EXERCISE PROMPT: Below are records; please set down exactly the lines from the first through the one containing "text \<open>One step".

AVAILABLE DATA Start Marker

lemma admissible_add:
  assumes s: "admissible \<alpha> i s" and p: "even p" "int p < int (2 * n - 1) - 2 * int \<alpha>"
    and sign: "\<alpha> < n div 2 \<Longrightarrow> int (2 * n) - 2 * int (2 * \<alpha> + 1) \<le> int p"
  shows "admissible \<alpha> i (s + fls_const e * u_E ^ p)"
  unfolding admissible_def
proof (intro conjI impI)
  show "s + fls_const e * u_E ^ p \<in> R_alpha (2 * n - 1) \<alpha>"
    using s p(2) by (auto simp: admissible_def R_alpha_def u_E_def split: if_splits)
  show "tau (s + fls_const e * u_E ^ p) = s + fls_const e * u_E ^ p"
    using s p(1) by (simp add: admissible_def tau_add tau_mult tau_u_E_power_even)
  assume \<alpha>: "\<alpha> < n div 2"
  have "fls_const e * u_E ^ p \<in> u_ideal (int (2 * n) - 2 * int (2 * \<alpha> + 1))"
    using u_ideal_mono[OF sign[OF \<alpha>] fls_const_mult_in_u_ideal[OF u_E_power_in_u_ideal]] .
  then show "s + fls_const e * u_E ^ p - fls_const ((-1) ^ i) \<in> u_ideal (int (2 * n) - 2 * int (2 * \<alpha> + 1))"
    using s \<alpha> u_ideal_add by (fastforce simp: admissible_def algebra_simps)
qed

text \<open>One step of the descent: if \<open>\<theta>\<close> agrees with \<open>\<chi>\<^sub>s\<close> on \<open>F\<^sup>\<times> U_E\<^sup>L\<^sup>+\<^sup>2\<close>, their quotient on \<open>1 + c u\<^sup>L\<close> is
  an additive character \<open>c \<mapsto> psi (e c)\<close> of \<open>k\<close>, and \<open>s + e u\<^sup>m\<^sup>-\<^sup>L\<close> absorbs it.\<close>

lemma admissible_lower:
  assumes \<alpha>: "\<alpha> < n" and \<theta>: "is_character_on (FU (2 * \<alpha> + 1)) \<theta>" and i: "i \<in> {0, 1}"
    and J: "J < n - \<alpha>" "\<alpha> < n div 2 \<Longrightarrow> J \<le> \<alpha>" and s: "admissible \<alpha> i s"
    and agree: "\<forall>x\<in>FU (2 * \<alpha> + 1 + 2 * (J + 1)). \<theta> x = chi_s (2 * \<alpha> + 1) s x"
  obtains s' where "admissible \<alpha> i s'" "\<forall>x\<in>FU (2 * \<alpha> + 1 + 2 * J). \<theta> x = chi_s (2 * \<alpha> + 1) s' x"
proof -
  let ?b = "2 * \<alpha> + 1"
  define L where "L = ?b + 2 * J"
  define p where "p = 2 * (n - \<alpha> - 1 - J)"
  have L: "odd L" "?b \<le> L" "L + p = 2 * n - 1" using J(1) by (simp_all add: L_def p_def)
  have agree': "\<forall>x\<in>FU (L + 2). \<theta> x = chi_s ?b s x" using agree by (simp add: L_def)
  have s_R: "s \<in> R_alpha_tau' (2 * n - 1) \<alpha>" by (rule admissible_R_alpha_tau'[OF s i])
  have s_O: "s \<in> u_ideal 0" by (rule R_alpha_tau'D(1)[OF s_R])
  have chi_s: "is_character_on (FU ?b) (chi_s ?b s)"
    by (rule chi_s_character[OF _ s_O R_alpha_tau'_square[OF s_R]]) simp
  obtain e where e: "\<forall>c. \<theta> (layer_unit L c) = chi_s ?b s (layer_unit L c) * psi (e * c)"
    by (rule layer_quotient_eq_psi[OF L(1,2) \<theta> chi_s agree'])
  define s' where "s' = s + fls_const e * u_E ^ p"
  have s': "admissible \<alpha> i s'"
    unfolding s'_def using J L(3) by (intro admissible_add[OF s]) (auto simp: p_def)
  have s'_R: "s' \<in> R_alpha_tau' (2 * n - 1) \<alpha>" by (rule admissible_R_alpha_tau'[OF s' i])
  have s'_O: "s' \<in> u_ideal 0" by (rule R_alpha_tau'D(1)[OF s'_R])
  have "\<theta> x = chi_s ?b s' x" if "x \<in> FU L" for x
  proof (rule character_eq_on_FU_layer[OF L(1,2) \<theta> _ _ _ that])
    show "is_character_on (FU ?b) (chi_s ?b s')"
      by (rule chi_s_character[OF _ s'_O R_alpha_tau'_square[OF s'_R]]) simp
    show "\<forall>x\<in>FU (L + 2). \<theta> x = chi_s ?b s' x"
    proof
      fix x :: "'k fls" assume x: "x \<in> FU (L + 2)"
      have "chi_s ?b s' x = chi_s ?b s x"
        using L n_pos
        by (intro chi_s_eq_if_congruent[OF _ _ x s_O s'_O, where e = "int p"])
          (simp_all add: s'_def fls_const_mult_in_u_ideal u_E_power_in_u_ideal)
      then show "\<theta> x = chi_s ?b s' x" using agree' x by simp
    qed
    show "\<forall>c. \<theta> (layer_unit L c) = chi_s ?b s' (layer_unit L c)"
      using e chi_s_layer_unit_add_top[OF _ L s_O] by (simp add: s'_def mult.commute)
  qed
  then show ?thesis using that s' by (simp add: L_def)
qed

lemma admissible_sign: "\<alpha> < n \<Longrightarrow> admissible \<alpha> i (fls_const ((-1) ^ i))"
  by (auto simp: admissible_def R_alpha_def)

lemma eq_chi_s_sign_initially:
  assumes \<alpha>: "\<alpha> < n" and i: "i \<in> {0, 1}"
    and agree: "\<forall>x\<in>FU (min (2 * n) (2 * (2 * \<alpha> + 1))). \<theta> x = chi ((tau ^^ i) x)"
    and x: "x \<in> FU (2 * \<alpha> + 1 + 2 * (if \<alpha> < n div 2 then \<alpha> + 1 else n - \<alpha>))"
  shows "\<theta> x = chi_s (2 * \<alpha> + 1) (fls_const ((-1) ^ i)) x"
proof (cases "\<alpha> < n div 2")
  case True
  have "min (2 * n) (2 * (2 * \<alpha> + 1)) = 2 * (2 * \<alpha> + 1)" using True by presburger
  moreover have "x \<in> FU (2 * (2 * \<alpha> + 1))" using FU_mono[OF _ x] True by simp
  moreover have "(fls_const ((-1) ^ i) :: 'k fls) \<in> R_alpha_tau' (2 * n - 1) \<alpha>"
    by (rule admissible_R_alpha_tau'[OF admissible_sign[OF \<alpha>] i])
  ultimately show ?thesis using agree chi_s_eq_chi_tau_power[OF True _ _ i] by simp
next
  case False
  have x_2n: "x \<in> FU (2 * n)" using FU_mono[OF _ x] False \<alpha> by simp
  then have "x \<in> FU (min (2 * n) (2 * (2 * \<alpha> + 1)))" using FU_mono[OF _ x_2n] by simp
  then have "\<theta> x = chi ((tau ^^ i) x)" using agree by blast
  also have "\<dots> = chi x" using i chi_tau_eq_on_FU_2n[OF x_2n] by auto
  also have "\<dots> = chi_s (2 * \<alpha> + 1) (fls_const ((-1) ^ i)) x"
    using chi_s_eq_chi_on_FU_2n[OF _ _ _ x_2n] \<alpha> by simp
  finally show ?thesis .
qed

lemma exists_R_alpha_tau'_eq_chi_s:
  assumes \<alpha>: "\<alpha> < n" and \<theta>: "is_character_on (FU (2 * \<alpha> + 1)) \<theta>" and i: "i \<in> {0, 1}"
    and agree: "\<forall>x\<in>FU (min (2 * n) (2 * (2 * \<alpha> + 1))). \<theta> x = chi ((tau ^^ i) x)"
  obtains s where "s \<in> R_alpha_tau' (2 * n - 1) \<alpha>" "\<forall>x\<in>FU (2 * \<alpha> + 1). \<theta> x = chi_s (2 * \<alpha> + 1) s x"
proof -
  let ?b = "2 * \<alpha> + 1"
  define J0 where "J0 = (if \<alpha> < n div 2 then \<alpha> + 1 else n - \<alpha>)"
  have J0: "J0 \<le> n - \<alpha>" "\<alpha> < n div 2 \<Longrightarrow> J0 \<le> \<alpha> + 1" unfolding J0_def by presburger+
  have "\<exists>s. admissible \<alpha> i s \<and> (\<forall>x\<in>FU (?b + 2 * (J0 - k)). \<theta> x = chi_s ?b s x)" if "k \<le> J0" for k
    using that
  proof (induction k)
    case 0
    show ?case using admissible_sign[OF \<alpha>] eq_chi_s_sign_initially[OF \<alpha> i agree] by (auto simp: J0_def)
  next
    case (Suc k)
    then obtain s where s: "admissible \<alpha> i s" "\<forall>x\<in>FU (?b + 2 * (J0 - k)). \<theta> x = chi_s ?b s x"
      by auto
    define J where "J = J0 - Suc k"
    have "J0 - k = J + 1" using Suc.prems by (simp add: J_def)
    moreover have "J < n - \<alpha>" "\<alpha> < n div 2 \<Longrightarrow> J \<le> \<alpha>" using J0 Suc.prems by (auto simp: J_def)
    ultimately obtain s' where "admissible \<alpha> i s'" "\<forall>x\<in>FU (?b + 2 * J). \<theta> x = chi_s ?b s' x"
      using admissible_lower[OF \<alpha> \<theta> i _ _ s(1)] s(2) by metis
    then show ?case by (auto simp: J_def)
  qed
  from this[of J0] obtain s where "admissible \<alpha> i s" "\<forall>x\<in>FU ?b. \<theta> x = chi_s ?b s x" by auto
  then show ?thesis using that admissible_R_alpha_tau'[OF _ i] by blast
qed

AVAILABLE DATA End Marker

SOLVED PROBLEM:
lemma admissible_add:
  assumes s: "admissible \<alpha> i s" and p: "even p" "int p < int (2 * n - 1) - 2 * int \<alpha>"
    and sign: "\<alpha> < n div 2 \<Longrightarrow> int (2 * n) - 2 * int (2 * \<alpha> + 1) \<le> int p"
  shows "admissible \<alpha> i (s + fls_const e * u_E ^ p)"
  unfolding admissible_def
proof (intro conjI impI)
  show "s + fls_const e * u_E ^ p \<in> R_alpha (2 * n - 1) \<alpha>"
    using s p(2) by (auto simp: admissible_def R_alpha_def u_E_def split: if_splits)
  show "tau (s + fls_const e * u_E ^ p) = s + fls_const e * u_E ^ p"
    using s p(1) by (simp add: admissible_def tau_add tau_mult tau_u_E_power_even)
  assume \<alpha>: "\<alpha> < n div 2"
  have "fls_const e * u_E ^ p \<in> u_ideal (int (2 * n) - 2 * int (2 * \<alpha> + 1))"
    using u_ideal_mono[OF sign[OF \<alpha>] fls_const_mult_in_u_ideal[OF u_E_power_in_u_ideal]] .
  then show "s + fls_const e * u_E ^ p - fls_const ((-1) ^ i) \<in> u_ideal (int (2 * n) - 2 * int (2 * \<alpha> + 1))"
    using s \<alpha> u_ideal_add by (fastforce simp: admissible_def algebra_simps)
qed

text \<open>One step of the descent: if \<open>\<theta>\<close> agrees with \<open>\<chi>\<^sub>s\<close> on \<open>F\<^sup>\<times> U_E\<^sup>L\<^sup>+\<^sup>2\<close>, their quotient on \<open>1 + c u\<^sup>L\<close> is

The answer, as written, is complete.